[Dataset entries]
==============================
lemma Tr_eq_sum:
  assumes "finite U" "U \<subseteq> I" "trace_support x \<subseteq> U"
  shows "Tr x = (\<Sum>i\<in>U. \<phi> (ac i (x * \<alpha> i e)))"
  unfolding pseudotrace_def
proof (rule sum.mono_neutral_left)
  show "{i \<in> I. \<phi> (ac i (x * \<alpha> i e)) \<noteq> 0} \<subseteq> U"
  proof
    fix i assume i: "i \<in> {i \<in> I. \<phi> (ac i (x * \<alpha> i e)) \<noteq> 0}"
    then have "ac i (x * \<alpha> i e) \<noteq> 0"
      using \<phi>_zero by force
    then have "i \<in> trace_support x"
      using i \<alpha>_e_Ae unfolding trace_support_def by (simp del: mem_Collect_eq) blast
    then show "i \<in> U" using assms by blast
  qed
qed (use assms in auto)

lemma Tr_add: "Tr (x + y) = Tr x + Tr y"
proof -
  obtain U where U: "finite U" "U \<subseteq> I" and supp: "\<And>z. z \<in> {x, y, x + y} \<Longrightarrow> trace_support z \<subseteq> U"
    using common_trace_support[of "{x, y, x + y}"] by blast
  have "Tr (x + y) = (\<Sum>i\<in>U. \<phi> (ac i ((x + y) * \<alpha> i e)))"
    using Tr_eq_sum[OF U supp] by simp
  also have "\<dots> = (\<Sum>i\<in>U. \<phi> (ac i (x * \<alpha> i e)) + \<phi> (ac i (y * \<alpha> i e)))"
  proof (rule sum.cong)
    fix i assume "i \<in> U"
    then have i: "i \<in> I" using U by auto
    have "ac i ((x + y) * \<alpha> i e) = ac i (x * \<alpha> i e) + ac i (y * \<alpha> i e)"
      using ac_add[OF i Ae_mult_left Ae_mult_left, OF \<alpha>_e_Ae \<alpha>_e_Ae, OF i i]
      by (simp add: distrib_right)
    then show "\<phi> (ac i ((x + y) * \<alpha> i e)) = \<phi> (ac i (x * \<alpha> i e)) + \<phi> (ac i (y * \<alpha> i e))"
      using \<phi>_add[OF ac_mult_\<alpha>_corner ac_mult_\<alpha>_corner, OF i i i i] by simp
  qed simp
  also have "\<dots> = Tr x + Tr y"
    using Tr_eq_sum[OF U supp] by (simp add: sum.distrib)
  finally show ?thesis .
qed

lemma Tr_scale: "Tr (sc c x) = c * Tr x"
proof -
  obtain U where U: "finite U" "U \<subseteq> I" and supp: "\<And>z. z \<in> {x, sc c x} \<Longrightarrow> trace_support z \<subseteq> U"
    using common_trace_support[of "{x, sc c x}"] by blast
  have "Tr (sc c x) = (\<Sum>i\<in>U. \<phi> (ac i (sc c x * \<alpha> i e)))"
    using Tr_eq_sum[OF U supp] by simp
  also have "\<dots> = (\<Sum>i\<in>U. c * \<phi> (ac i (x * \<alpha> i e)))"
  proof (rule sum.cong)
    fix i assume "i \<in> U"
    then have i: "i \<in> I" using U by auto
    have "ac i (sc c x * \<alpha> i e) = sc c (ac i (x * \<alpha> i e))"
      using ac_scale[OF i Ae_mult_left, OF \<alpha>_e_Ae, OF i] by (simp add: calg_mult_left[OF calg])
    then show "\<phi> (ac i (sc c x * \<alpha> i e)) = c * \<phi> (ac i (x * \<alpha> i e))"
      using \<phi>_scale[OF ac_mult_\<alpha>_corner, OF i i] by simp
  qed simp
  also have "\<dots> = c * Tr x"
    using Tr_eq_sum[OF U supp] by (simp add: sum_distrib_left)
  finally show ?thesis .
qed

lemma trace_term_mult:
  assumes i: "i \<in> I" and U: "finite U" "U \<subseteq> I" "trace_support y \<subseteq> U"
  shows "\<phi> (ac i (x * y * \<alpha> i e)) = (\<Sum>j\<in>U. \<phi> (ac i (x * \<alpha> j e) * ac j (y * \<alpha> i e)))"
proof -
  define m where "m = y * \<alpha> i e"
  have m: "m \<in> Ae"
    unfolding m_def by (rule Ae_mult_left, rule \<alpha>_e_Ae[OF i])
  have "{j\<in>I. ac j m \<noteq> 0} \<subseteq> trace_support y"
    unfolding trace_support_def m_def using \<alpha>_e_Ae[OF i] by (simp del: mem_Collect_eq) blast
  then have "ac i (x * y * \<alpha> i e) = (\<Sum>j\<in>U. ac i (x * \<alpha> j e) * ac j m)"
    using ac_mult_expansion[OF i m U(1) _ U(2)] U(3) unfolding m_def by (simp add: mult.assoc)
  moreover have "\<And>j. j \<in> U \<Longrightarrow> ac i (x * \<alpha> j e) * ac j m \<in> corner e"
    using U(2) ac_corner[OF _ m] by (intro corner_mult[OF idem ac_mult_\<alpha>_corner[OF i]]) auto
  ultimately show ?thesis
    using \<phi>_sum[of U "\<lambda>j. ac i (x * \<alpha> j e) * ac j m"] unfolding m_def by simp
qed

lemma Tr_commute: "Tr (x * y) = Tr (y * x)"
proof -
  obtain U where U: "finite U" "U \<subseteq> I"
    and supp: "\<And>z. z \<in> {x, y, x * y, y * x} \<Longrightarrow> trace_support z \<subseteq> U"
    using common_trace_support[of "{x, y, x * y, y * x}"] by blast
  have "Tr (x * y) = (\<Sum>i\<in>U. \<phi> (ac i (x * y * \<alpha> i e)))"
    using Tr_eq_sum[OF U supp] by simp
  also have "\<dots> = (\<Sum>i\<in>U. \<Sum>j\<in>U. \<phi> (ac i (x * \<alpha> j e) * ac j (y * \<alpha> i e)))"
    using trace_term_mult[OF _ U supp] U(2) by (intro sum.cong) auto
  also have "\<dots> = (\<Sum>j\<in>U. \<Sum>i\<in>U. \<phi> (ac i (x * \<alpha> j e) * ac j (y * \<alpha> i e)))"
    by (rule sum.swap)
  also have "\<dots> = (\<Sum>j\<in>U. \<Sum>i\<in>U. \<phi> (ac j (y * \<alpha> i e) * ac i (x * \<alpha> j e)))"
  proof (intro sum.cong refl)
    fix i j assume "i \<in> U" "j \<in> U"
    then have "i \<in> I" "j \<in> I" using U(2) by auto
    then show "\<phi> (ac i (x * \<alpha> j e) * ac j (y * \<alpha> i e)) = \<phi> (ac j (y * \<alpha> i e) * ac i (x * \<alpha> j e))"
      by (intro \<phi>_commute ac_mult_\<alpha>_corner)
  qed
  also have "\<dots> = (\<Sum>j\<in>U. \<phi> (ac j (y * x * \<alpha> j e)))"
    using trace_term_mult[OF _ U supp] U(2) by (intro sum.cong) auto
  also have "\<dots> = Tr (y * x)"
    using Tr_eq_sum[OF U supp] by simp
  finally show ?thesis .
qed

lemma pseudotrace_SLF: "Tr \<in> SLF sc UNIV"
  unfolding SLF_def using Tr_add Tr_scale Tr_commute by auto

lemma trace_term_corner:
  assumes x: "x \<in> corner e" and i: "i \<in> I"
  shows "\<phi> (ac i (x * \<alpha> i e)) = \<phi> (e * \<alpha> i (ac i x))"
proof -
  have xAe: "x \<in> Ae" using corner_Ae[OF x] .
  have c: "ac i x \<in> corner e" using ac_corner[OF i xAe] .
  have e\<alpha>: "e * \<alpha> i e \<in> corner e"
    by (rule e_mult_Ae, rule \<alpha>_e_Ae[OF i])
  have "x * \<alpha> i e = x * (e * \<alpha> i e)"
    using x by (simp add: mem_corner_iff[OF idem] flip: mult.assoc)
  then have "\<phi> (ac i (x * \<alpha> i e)) = \<phi> (ac i x * (e * \<alpha> i e))"
    using ac_mult[OF i xAe e\<alpha>] by simp
  also have "\<dots> = \<phi> (e * \<alpha> i e * ac i x)"
    using \<phi>_commute[OF c e\<alpha>] .
  also have "\<dots> = \<phi> (e * \<alpha> i (ac i x))"
    using \<alpha>_eq_mult[OF i c] by (simp add: mult.assoc)
  finally show ?thesis .
qed

lemma Tr_on_corner:
  assumes x: "x \<in> corner e"
  shows "Tr x = \<phi> x"
proof -
  have xAe: "x \<in> Ae" using corner_Ae[OF x] .
  define U where "U = trace_support x \<union> {i\<in>I. ac i x \<noteq> 0}"
  have U: "finite U" "U \<subseteq> I"
    unfolding U_def using finite_trace_support trace_support_subset coord_expansion(1)[OF xAe]
    by auto
  have supp: "trace_support x \<subseteq> U" and coords: "{i\<in>I. ac i x \<noteq> 0} \<subseteq> U"
    unfolding U_def by auto
  have "Tr x = (\<Sum>i\<in>U. \<phi> (e * \<alpha> i (ac i x)))"
    using Tr_eq_sum[OF U supp] trace_term_corner[OF x] U(2) by (auto intro: sum.cong)
  also have "\<dots> = \<phi> (\<Sum>i\<in>U. e * \<alpha> i (ac i x))"
  proof (rule \<phi>_sum[symmetric])
    fix i assume "i \<in> U"
    then show "e * \<alpha> i (ac i x) \<in> corner e"
      using U(2) ac_corner[OF _ xAe] by (intro e_mult_Ae \<alpha>_Ae) auto
  qed
  also have "\<dots> = \<phi> (e * (\<Sum>i\<in>U. \<alpha> i (ac i x)))"
    by (simp add: sum_distrib_left)
  also have "\<dots> = \<phi> x"
    using coord_expansion_over[OF xAe U(1) coords U(2)] x by (simp add: mem_corner_iff[OF idem])
  finally show ?thesis .
qed

lemma restr_pseudotrace: "restr e Tr = \<phi>"
  unfolding restr_def using Tr_on_corner \<phi>_outside by auto

end

section \<open>Generating idempotents\<close>

definition AeA :: "'a::ring \<Rightarrow> 'a set" where
  "AeA e = {x. \<exists>xs. x = (\<Sum>q\<leftarrow>xs. fst q * e * snd q)}"

lemma AeA_zero: "0 \<in> AeA e"
  unfolding AeA_def by (auto intro: exI[of _ "[]"])

lemma AeA_generator: "a * e * b \<in> AeA e"
  unfolding AeA_def by (auto intro: exI[of _ "[(a, b)]"])

lemma AeA_add: "x \<in> AeA e \<Longrightarrow> y \<in> AeA e \<Longrightarrow> x + y \<in> AeA e"
  unfolding AeA_def by (auto intro: exI[of _ "_ @ _"])

lemma AeA_mult_left:
  assumes "x \<in> AeA e"
  shows "c * x \<in> AeA e"
proof -
  obtain xs where x: "x = (\<Sum>q\<leftarrow>xs. fst q * e * snd q)"
    using assms unfolding AeA_def by blast
  have "c * x = (\<Sum>q\<leftarrow>map (\<lambda>q. (c * fst q, snd q)) xs. fst q * e * snd q)"
    unfolding x by (simp add: sum_list_const_mult o_def mult.assoc)
  then show ?thesis unfolding AeA_def by blast
qed

lemma AeA_mult_right:
  assumes "x \<in> AeA e"
  shows "x * c \<in> AeA e"
proof -
  obtain xs where x: "x = (\<Sum>q\<leftarrow>xs. fst q * e * snd q)"
    using assms unfolding AeA_def by blast
  have "x * c = (\<Sum>q\<leftarrow>map (\<lambda>q. (fst q, snd q * c)) xs. fst q * e * snd q)"
    unfolding x sum_list_mult_const[symmetric] by (simp add: o_def mult.assoc)
  then show ?thesis unfolding AeA_def by blast
qed

lemma AeA_scale:
  assumes "calg sc" and "x \<in> AeA e"
  shows "sc c x \<in> AeA e"
proof -
  obtain xs where x: "x = (\<Sum>q\<leftarrow>xs. fst q * e * snd q)"
    using assms(2) unfolding AeA_def by blast
  have "sc c x = (\<Sum>q\<leftarrow>map (\<lambda>q. (sc c (fst q), snd q)) xs. fst q * e * snd q)"
    unfolding x by (induction xs)
      (simp_all add: calg_zero calg_add calg_mult_left assms(1))
  then show ?thesis unfolding AeA_def by blast
qed

lemma AeA_sum: "(\<And>j. j \<in> U \<Longrightarrow> g j \<in> AeA e) \<Longrightarrow> (\<Sum>j\<in>U. g j) \<in> AeA e"
  by (induction U rule: infinite_finite_induct) (simp_all add: AeA_zero AeA_add)

definition left_ideal :: "(complex \<Rightarrow> 'a::ring \<Rightarrow> 'a) \<Rightarrow> 'a set \<Rightarrow> bool" where
  "left_ideal sc N \<longleftrightarrow> 0 \<in> N \<and> (\<forall>x\<in>N. \<forall>y\<in>N. x + y \<in> N) \<and>
     (\<forall>c. \<forall>x\<in>N. sc c x \<in> N) \<and> (\<forall>a. \<forall>x\<in>N. a * x \<in> N)"

lemma left_idealI:
  assumes "0 \<in> N" "\<And>x y. x \<in> N \<Longrightarrow> y \<in> N \<Longrightarrow> x + y \<in> N"
    "\<And>c x. x \<in> N \<Longrightarrow> sc c x \<in> N" "\<And>a x. x \<in> N \<Longrightarrow> a * x \<in> N"
  shows "left_ideal sc N"
  using assms unfolding left_ideal_def by blast

lemma
  assumes "left_ideal sc N"
  shows left_ideal_zero: "0 \<in> N"
    and left_ideal_add: "x \<in> N \<Longrightarrow> y \<in> N \<Longrightarrow> x + y \<in> N"
    and left_ideal_scale: "x \<in> N \<Longrightarrow> sc c x \<in> N"
    and left_ideal_mult: "x \<in> N \<Longrightarrow> a * x \<in> N"
  using assms unfolding left_ideal_def by blast+

lemma left_ideal_Int: "left_ideal sc M \<Longrightarrow> left_ideal sc N \<Longrightarrow> left_ideal sc (M \<inter> N)"
  unfolding left_ideal_def by blast

lemma left_ideal_AeA: "calg sc \<Longrightarrow> left_ideal sc (AeA e)"
  by (rule left_idealI) (simp_all add: AeA_zero AeA_add AeA_mult_left AeA_scale)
==============================
-- EXERCISE --
Could you give again exactly the lines from the line containing "U \<Longrightarrow> g" through the final line of the data above, and no others?

-- THE ANSWER --
lemma AeA_sum: "(\<And>j. j \<in> U \<Longrightarrow> g j \<in> AeA e) \<Longrightarrow> (\<Sum>j\<in>U. g j) \<in> AeA e"
  by (induction U rule: infinite_finite_induct) (simp_all add: AeA_zero AeA_add)

definition left_ideal :: "(complex \<Rightarrow> 'a::ring \<Rightarrow> 'a) \<Rightarrow> 'a set \<Rightarrow> bool" where
  "left_ideal sc N \<longleftrightarrow> 0 \<in> N \<and> (\<forall>x\<in>N. \<forall>y\<in>N. x + y \<in> N) \<and>
     (\<forall>c. \<forall>x\<in>N. sc c x \<in> N) \<and> (\<forall>a. \<forall>x\<in>N. a * x \<in> N)"

lemma left_idealI:
  assumes "0 \<in> N" "\<And>x y. x \<in> N \<Longrightarrow> y \<in> N \<Longrightarrow> x + y \<in> N"
    "\<And>c x. x \<in> N \<Longrightarrow> sc c x \<in> N" "\<And>a x. x \<in> N \<Longrightarrow> a * x \<in> N"
  shows "left_ideal sc N"
  using assms unfolding left_ideal_def by blast

lemma
  assumes "left_ideal sc N"
  shows left_ideal_zero: "0 \<in> N"
    and left_ideal_add: "x \<in> N \<Longrightarrow> y \<in> N \<Longrightarrow> x + y \<in> N"
    and left_ideal_scale: "x \<in> N \<Longrightarrow> sc c x \<in> N"
    and left_ideal_mult: "x \<in> N \<Longrightarrow> a * x \<in> N"
  using assms unfolding left_ideal_def by blast+

lemma left_ideal_Int: "left_ideal sc M \<Longrightarrow> left_ideal sc N \<Longrightarrow> left_ideal sc (M \<inter> N)"
  unfolding left_ideal_def by blast

lemma left_ideal_AeA: "calg sc \<Longrightarrow> left_ideal sc (AeA e)"
  by (rule left_idealI) (simp_all add: AeA_zero AeA_add AeA_mult_left AeA_scale)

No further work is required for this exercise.